Un portfolio de vaccins en développement 

Alors que l’entreprise prévoyait des pertes début 2022, la voilà propulsée sur le marché mondial des vaccins, convoitée par des pays du monde entier. De quoi trouver les financements nécessaires pour les autres vaccins développés par Bavarian Nordic. Hormis le sérum antivariolique, le laboratoire produit des vaccins contre l’encéphalite à tiques, la rage, l’Ebola, le Covid-19, les virus respiratoires VRS et le cancer. “Nous avons de nombreux vaccins dans notre portfolio et je pense que notre situation va nous donner l’opportunité de les commercialiser avec succès dans les 12 prochains mois”, s’enthousiasme Rolf Sass Sorensen. “Leur monopole va les aider à aller beaucoup plus vite pour trouver les fonds auprès des investisseurs ou des gouvernements ”, abonde Nathalie Coutinet. Dans cette aventure industrielle, Bavarian Nordic doit néanmoins s’armer de prudence, prévient Patrick Zylberman: “Le monde du vaccin est une industrie très difficile et compétitive où le public dit noir puis blanc. Ce n’est pas gagné”. 

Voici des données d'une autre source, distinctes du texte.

lemma sum_indicator_grid_intervals:
  assumes N: "N \<ge> 1" and u: "u \<notin> (\<lambda>k. real k / N) ` {..N}"
  shows "(\<Sum>k<N. indicator {real k / N .. real (k+1) / N} u :: real) = indicator {0..1} u"
proof (cases "u \<in> {0..1}")
  case True
  have Npos: "real N > 0" using N by simp
  define k0 where "k0 = nat \<lfloor>u * N\<rfloor>"
  have fl: "real k0 \<le> u * N" "u * N < real k0 + 1"
    unfolding k0_def using True Npos by (auto simp: of_nat_nat)
  have "u * N \<le> N" using True Npos by (simp add: mult_le_cancel_right1)
  then have "k0 \<le> N" using fl by linarith
  then have "u \<noteq> real k0 / N" using u by auto
  then have lower: "real k0 < u * N" using fl Npos by (auto simp: field_simps)
  then have "real k0 < N" using \<open>u * N \<le> N\<close> by linarith
  then have k0: "k0 < N" "real k0 / N < u" "u < real (k0+1) / N"
    using lower fl Npos by (auto simp: field_simps)
  have "u \<in> {real k / N .. real (k+1) / N} \<longleftrightarrow> k = k0" for k
    using grid_interval_index_unique[OF Npos, of "k+1" u k0] k0 by auto
  then have "(\<Sum>k<N. indicator {real k / N .. real (k+1) / N} u :: real) = (\<Sum>k<N. if k = k0 then 1 else 0)"
    by (intro sum.cong) (auto simp: indicator_def)
  then show ?thesis using k0 True by simp
next
  case False
  have "u \<notin> {real k / N .. real (k+1) / N}" if "k < N" for k
  proof
    assume "u \<in> {real k / N .. real (k+1) / N}"
    moreover have "0 \<le> real k / N" "real (k+1) / N \<le> 1" using that by (simp_all add: divide_le_eq_1)
    ultimately show False using False unfolding atLeastAtMost_iff by linarith
  qed
  then have "(\<Sum>k<N. indicator {real k / N .. real (k+1) / N} u :: real) = (\<Sum>k<N. 0)"
    by (intro sum.cong) (auto simp: indicator_def simp del: of_nat_add of_nat_Suc)
  then show ?thesis using False by simp
qed

lemma sum_indicator_grid_sq:
  assumes N: "N \<ge> 1"
    and y: "fst y \<notin> (\<lambda>k. real k / N) ` {..N}" "snd y \<notin> (\<lambda>k. real k / N) ` {..N}"
  shows "(\<Sum>kl\<in>{..<N}\<times>{..<N}. indicator (grid_sq ((real N)^2) (fst kl) (snd kl)) y :: real)
    = indicator unit_sq y"
proof -
  let ?I = "\<lambda>k. {real k / N .. real (k+1) / N}"
  have cell: "indicator (grid_sq ((real N)^2) k l) y
      = indicator (?I k) (fst y) * indicator (?I l) (snd y) * (indicator unit_sq y :: real)" for k l
    unfolding grid_sq_square by (cases y) (simp add: indicator_def del: of_nat_add of_nat_Suc)
  have "(\<Sum>kl\<in>{..<N}\<times>{..<N}. indicator (grid_sq ((real N)^2) (fst kl) (snd kl)) y :: real)
      = (\<Sum>k<N. \<Sum>l<N. indicator (grid_sq ((real N)^2) k l) y)"
    by (simp add: sum.cartesian_product case_prod_beta)
  also have "\<dots> = (\<Sum>k<N. indicator (?I k) (fst y)) * (\<Sum>l<N. indicator (?I l) (snd y)) * indicator unit_sq y"
    unfolding cell sum_product by (simp only: sum_distrib_right)
  also have "\<dots> = indicator unit_sq y"
    using sum_indicator_grid_intervals[OF N y(1)] sum_indicator_grid_intervals[OF N y(2)]
    unfolding unit_sq_def by (cases y) (simp add: indicator_def)
  finally show ?thesis .
qed
(* Let $G$ be a $2$-connected non-Hamiltonian graph of order $n\ge 4$. Then $px_3(G)\le\lfloor n/2\rfloor$.
   Context: All graphs are finite, simple and undirected. An edge-coloring assigns colors to edges, adjacent edges being allowed to share a color. A tree in an edge-colored graph is proper if no two adjacent edges of it receive the same color. An edge-coloring of $G$ is a $3$-proper coloring if for every $3$-element set $S\subseteq V(G)$ there is a proper tree in $G$ containing all vertices of $S$; $px_3(G)$ is the minimum number of colors in a $3$-proper coloring of $G$. *)

theory Defs
  imports Main
begin

definition simple_graph :: "'a set \<Rightarrow> 'a set set \<Rightarrow> bool" where
  "simple_graph V E \<longleftrightarrow> finite V \<and>
     (\<forall>e\<in>E. \<exists>u v. u \<noteq> v \<and> u \<in> V \<and> v \<in> V \<and> e = {u, v})"

definition reach :: "'a set set \<Rightarrow> 'a \<Rightarrow> 'a \<Rightarrow> bool" where
  "reach F u v \<longleftrightarrow> (u, v) \<in> {(x, y). {x, y} \<in> F}\<^sup>*"

definition connected_graph :: "'a set \<Rightarrow> 'a set set \<Rightarrow> bool" where
  "connected_graph V E \<longleftrightarrow> V \<noteq> {} \<and> (\<forall>u\<in>V. \<forall>v\<in>V. reach E u v)"

definition del_vertex_edges :: "'a set set \<Rightarrow> 'a \<Rightarrow> 'a set set" where
  "del_vertex_edges E v = {e \<in> E. v \<notin> e}"

definition two_connected :: "'a set \<Rightarrow> 'a set set \<Rightarrow> bool" where
  "two_connected V E \<longleftrightarrow> card V \<ge> 3 \<and> connected_graph V E \<and>
     (\<forall>v\<in>V. connected_graph (V - {v}) (del_vertex_edges E v))"

definition hamiltonian :: "'a set \<Rightarrow> 'a set set \<Rightarrow> bool" where
  "hamiltonian V E \<longleftrightarrow> (\<exists>vs. distinct vs \<and> set vs = V \<and> length vs \<ge> 3 \<and>
     (\<forall>i < length vs. {vs ! i, vs ! ((i + 1) mod length vs)} \<in> E))"

definition is_tree_in :: "'a set \<Rightarrow> 'a set set \<Rightarrow> 'a set \<Rightarrow> 'a set set \<Rightarrow> bool" where
  "is_tree_in V E VT ET \<longleftrightarrow> VT \<subseteq> V \<and> ET \<subseteq> E \<and> (\<forall>e\<in>ET. e \<subseteq> VT) \<and>
     finite VT \<and> connected_graph VT ET \<and> card ET + 1 = card VT"

definition proper_edges :: "('a set \<Rightarrow> 'c) \<Rightarrow> 'a set set \<Rightarrow> bool" where
  "proper_edges c ET \<longleftrightarrow>
     (\<forall>e\<in>ET. \<forall>f\<in>ET. e \<noteq> f \<and> e \<inter> f \<noteq> {} \<longrightarrow> c e \<noteq> c f)"

definition three_proper_coloring :: "'a set \<Rightarrow> 'a set set \<Rightarrow> ('a set \<Rightarrow> 'c) \<Rightarrow> bool" where
  "three_proper_coloring V E c \<longleftrightarrow>
     (\<forall>S. S \<subseteq> V \<and> card S = 3 \<longrightarrow>
        (\<exists>VT ET. is_tree_in V E VT ET \<and> S \<subseteq> VT \<and> proper_edges c ET))"

definition px3 :: "'a set \<Rightarrow> 'a set set \<Rightarrow> nat" where
  "px3 V E = (LEAST k. \<exists>c :: 'a set \<Rightarrow> nat. c ` E \<subseteq> {..<k} \<and> three_proper_coloring V E c)"

end

theory Submission imports Defs begin

text \<open>Let \<open>d = \<lfloor>n/2\<rfloor>\<close>. Grow a tree from a single vertex, keeping its maximum degree at most \<open>d\<close>
  and its edges properly coloured with \<open>d\<close> colours: an edge \<open>uw\<close> leaving the tree at a vertex \<open>u\<close>
  of tree degree \<open>< d\<close> can always be added, because the new leaf \<open>w\<close> has no other tree edge
  and \<open>u\<close> sees fewer than \<open>d\<close> colours. A spanning tree of this kind contains every 3-set, so
  \<open>px\<^sub>3(G) \<le> d\<close>.

  If the growth gets stuck at a tree on \<open>X\<close>, 2-connectivity yields two boundary vertices, both of
  tree degree \<open>\<ge> d\<close>; as the degrees of a tree are positive and sum to \<open>2|X| - 2\<close>, this
  forces \<open>|X| = 2d = n - 1\<close>, all other tree vertices are leaves, and the last vertex \<open>y\<close> has exactly the two boundary
  vertices as neighbours. This is ruled out by starting with the path \<open>x\<^sub>1 w x\<^sub>2\<close> through a
  vertex \<open>w\<close> of degree 2, if there is one: \<open>w\<close> then has tree degree 2, so it would be a
  boundary vertex, although all its neighbours lie in the tree.\<close>

lemma simple_graph_edgeD: "simple_graph V E \<Longrightarrow> {a, b} \<in> E \<Longrightarrow> a \<noteq> b \<and> a \<in> V \<and> b \<in> V"
  unfolding simple_graph_def by (metis doubleton_eq_iff insert_absorb2)

lemma simple_graph_edge_subset:
  assumes "simple_graph V E" "e \<in> E"
  shows "e \<subseteq> V"
proof -
  obtain u v where "u \<in> V" "v \<in> V" "e = {u, v}"
    using assms unfolding simple_graph_def by blast
  then show ?thesis by simp
qed

lemma simple_graph_card_edge: "simple_graph V E \<Longrightarrow> e \<in> E \<Longrightarrow> card e = 2"
  unfolding simple_graph_def by fastforce

lemma simple_graph_finite_edges: "simple_graph V E \<Longrightarrow> finite E"
  using simple_graph_edge_subset finite_subset[of E "Pow V"] by (auto simp: simple_graph_def)

lemma reach_refl: "reach F a a"
  by (simp add: reach_def)

lemma reach_edge: "{a, b} \<in> F \<Longrightarrow> reach F a b"
  by (auto simp: reach_def)

lemma reach_trans: "reach F a b \<Longrightarrow> reach F b c \<Longrightarrow> reach F a c"
  unfolding reach_def by (rule rtrancl_trans)

lemma reach_mono: "F \<subseteq> F' \<Longrightarrow> reach F a b \<Longrightarrow> reach F' a b"
  unfolding reach_def using rtrancl_mono[of "{(x, y). {x, y} \<in> F}" "{(x, y). {x, y} \<in> F'}"]
  by auto

lemma reach_sym: "reach F a b \<Longrightarrow> reach F b a"
  unfolding reach_def
proof (induction rule: rtrancl_induct)
  case (step y z)
  then have "(z, y) \<in> {(x, y). {x, y} \<in> F}" by (simp add: insert_commute)
  then show ?case using step.IH by (rule converse_rtrancl_into_rtrancl)
qed simp

lemma reach_crossing_edge:
  assumes "reach F x y" "x \<in> X" "y \<notin> X"
  obtains a b where "{a, b} \<in> F" "a \<in> X" "b \<notin> X"
proof -
  have "\<exists>a b. {a, b} \<in> F \<and> a \<in> X \<and> b \<notin> X"
    using assms(1,3) unfolding reach_def
  proof (induction rule: rtrancl_induct)
    case (step y z)
    then show ?case by (cases "y \<in> X") auto
  qed (use assms(2) in simp)
  then show thesis using that by blast
qed

lemma connected_graph_crossing_edge:
  assumes "connected_graph V E" "x \<in> X" "X \<subseteq> V" "y \<in> V - X"
  obtains a b where "{a, b} \<in> E" "a \<in> X" "b \<notin> X"
proof -
  have "reach E x y" using assms by (auto simp: connected_graph_def)
  then show thesis using assms(2,4) that by (meson DiffD2 reach_crossing_edge)
qed

lemma connected_graph_insert_leaf:
  assumes "connected_graph X T" "u \<in> X"
  shows "connected_graph (insert w X) (insert {u, w} T)"
proof -
  let ?F = "insert {u, w} T"
  have to_w: "reach ?F x w" if "x \<in> insert w X" for x
  proof (cases "x = w")
    case False
    then have "reach T x u" using assms that by (auto simp: connected_graph_def)
    then have "reach ?F x u" by (rule reach_mono[rotated]) blast
    then show ?thesis using reach_edge[of u w ?F] by (blast intro: reach_trans)
  qed (simp add: reach_refl)
  show ?thesis
    unfolding connected_graph_def
  proof (intro conjI ballI)
    fix a b assume "a \<in> insert w X" "b \<in> insert w X"
    then show "reach ?F a b" using to_w reach_sym reach_trans by metis
  qed simp
qed

definition degree :: "'a set set \<Rightarrow> 'a \<Rightarrow> nat" where
  "degree T v = card {e \<in> T. v \<in> e}"

definition neighbours :: "'a set set \<Rightarrow> 'a \<Rightarrow> 'a set" where
  "neighbours E v = {w. {v, w} \<in> E}"

lemma degree_insert:
  assumes "finite T" "e \<notin> T"
  shows "degree (insert e T) v = (if v \<in> e then Suc (degree T v) else degree T v)"
proof (cases "v \<in> e")
  case True
  then have "{f \<in> insert e T. v \<in> f} = insert e {f \<in> T. v \<in> f}" by auto
  then show ?thesis using assms True by (simp add: degree_def)
next
  case False
  then have "{f \<in> insert e T. v \<in> f} = {f \<in> T. v \<in> f}" by auto
  then show ?thesis using False by (simp add: degree_def)
qed
(* Let $S$ be a free numerical semigroup that is reflective (allowing $S=\mathbb{N}_0$). Then $S=\langle A\rangle$ for a minimal telescopic set $A$ equal to one of: (1) $A=\{1\}$ (genus $0$); (2) $A=\{2,4n+3\}$ for some $n\in\mathbb{N}_0$ (genus $2n+1$); (3) $A=\{3,3n+2\}$ for some $n\in\mathbb{N}_0$ (genus $3n+1$); (4) $A=\{4,4n+2,4n+3\}$ for some $n\in\mathbb{N}_0$ (genus $4n+1$).
   Context: A numerical semigroup is a submonoid $S$ of $(\mathbb{N}_0,+)$ with finite complement; its genus is the number of elements of $\mathbb{N}_0\setminus S$. For a sequence $A=(a_1,\dots,a_k)$ of non-negative integers, let $d_i=\gcd(a_1,\dots,a_i)$, $S_i=\langle a_1,\dots,a_i\rangle$ (the set of $\mathbb{N}_0$-linear combinations), and $c_j=d_{j-1}/d_j$ for $j\ge2$; $A$ is telescopic if $c_ja_j\in S_{j-1}$ for all $j\in\{2,\dots,k\}$. A set is telescopic if it can be ordered into a telescopic sequence. $S$ is free if $S=\langle A\rangle$ for some telescopic set $A$. A numerical semigroup $S$ of genus $g\ge1$ is called reflective if for every $z\in\{0,1,\dots,g-1\}$ exactly one of $z$ and $z+g$ belongs to $S$; $\mathbb{N}_0$ is also considered reflective. *)

theory Defs
  imports Main
begin

inductive_set gen :: "nat set \<Rightarrow> nat set" for A :: "nat set" where
  gen_zero: "0 \<in> gen A"
| gen_add: "a \<in> A \<Longrightarrow> x \<in> gen A \<Longrightarrow> a + x \<in> gen A"

definition numerical_semigroup :: "nat set \<Rightarrow> bool" where
  "numerical_semigroup S \<longleftrightarrow>
     0 \<in> S \<and> (\<forall>x\<in>S. \<forall>y\<in>S. x + y \<in> S) \<and> finite (UNIV - S)"

definition genus :: "nat set \<Rightarrow> nat" where
  "genus S = card (UNIV - S)"

text \<open>For a sequence as = (a_1,...,a_k) (0-indexed list), d_i = gcd(a_1..a_i),
  S_i = <a_1..a_i>, c_j = d_{j-1} div d_j; telescopic iff c_j a_j \<in> S_{j-1} for 2 \<le> j \<le> k.\<close>
definition seq_gcd :: "nat list \<Rightarrow> nat \<Rightarrow> nat" where
  "seq_gcd as i = Gcd (set (take i as))"

definition telescopic_seq :: "nat list \<Rightarrow> bool" where
  "telescopic_seq as \<longleftrightarrow>
     (\<forall>j. 2 \<le> j \<and> j \<le> length as \<longrightarrow>
        (seq_gcd as (j - 1) div seq_gcd as j) * (as ! (j - 1)) \<in> gen (set (take (j - 1) as)))"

En France, la vaccination se fait au compte-goutte 

Le 10 août dernier, plus de 30.0000 personnes avaient été vaccinées en France contre la variole du singe. Plus d’une centaine de centres de vaccination ont été ouverts pour assurer la campagne de vaccination et cinq pharmacies d’officine situées en Ile-de-France, dans les Hauts-de-France et en Provence-Alpes-Côte d’Azur participent également à la vaccination à titre de test. Le ministre de la Santé François Braun a assuré que la France disposait de suffisamment de doses pour couvrir les quelque 250.000 personnes éligibles à la vaccination préventive selon les critères définis par la Haute autorité de santé début juillet. Mais des associations de lutte contre les discriminations LGBT+ ainsi que des élus pressent le gouvernement d'accélérer la cadence, jugeant que l’on est actuellement “loin du compte”. “Au rythme actuel, toutes les personnes éligibles” seront vaccinées seulement “fin décembre et avec une seule dose”, ont déclaré ces associations, dont Act-up Paris, AIDES et Sidaction. Pour éviter ce scénario, il faudrait vacciner “au moins 37.000 personnes par semaine selon eux”. La France vient de commander 1,5 million de doses à Bavarian Nordic. Mais elles ne seront livrées qu’à partir de 2023. En attendant, elle dépend de ses stocks stratégiques, couverts par le secret défense. La question qui est sur toutes les lèvres: la France dispose-t-elle d’assez de stocks stratégiques? Pas sûr, selon Patrick Zylberman, historien de la santé spécialiste des épidémies. “Les stocks stratégiques ne vont vraisemblablement pas suffire jusqu’à 2023”, prévient-il. D’où des pouvoirs publics, pris entre deux injonctions: celle “d’aller plus vite parce que associations et élus le réclament” et celle “de ne pas aller trop vite, parce qu’on risque de manquer de doses rapidement”, analyse Patrick Zylberman. Les mois à venir s’annoncent tendus pour la vaccination contre la variole du singe.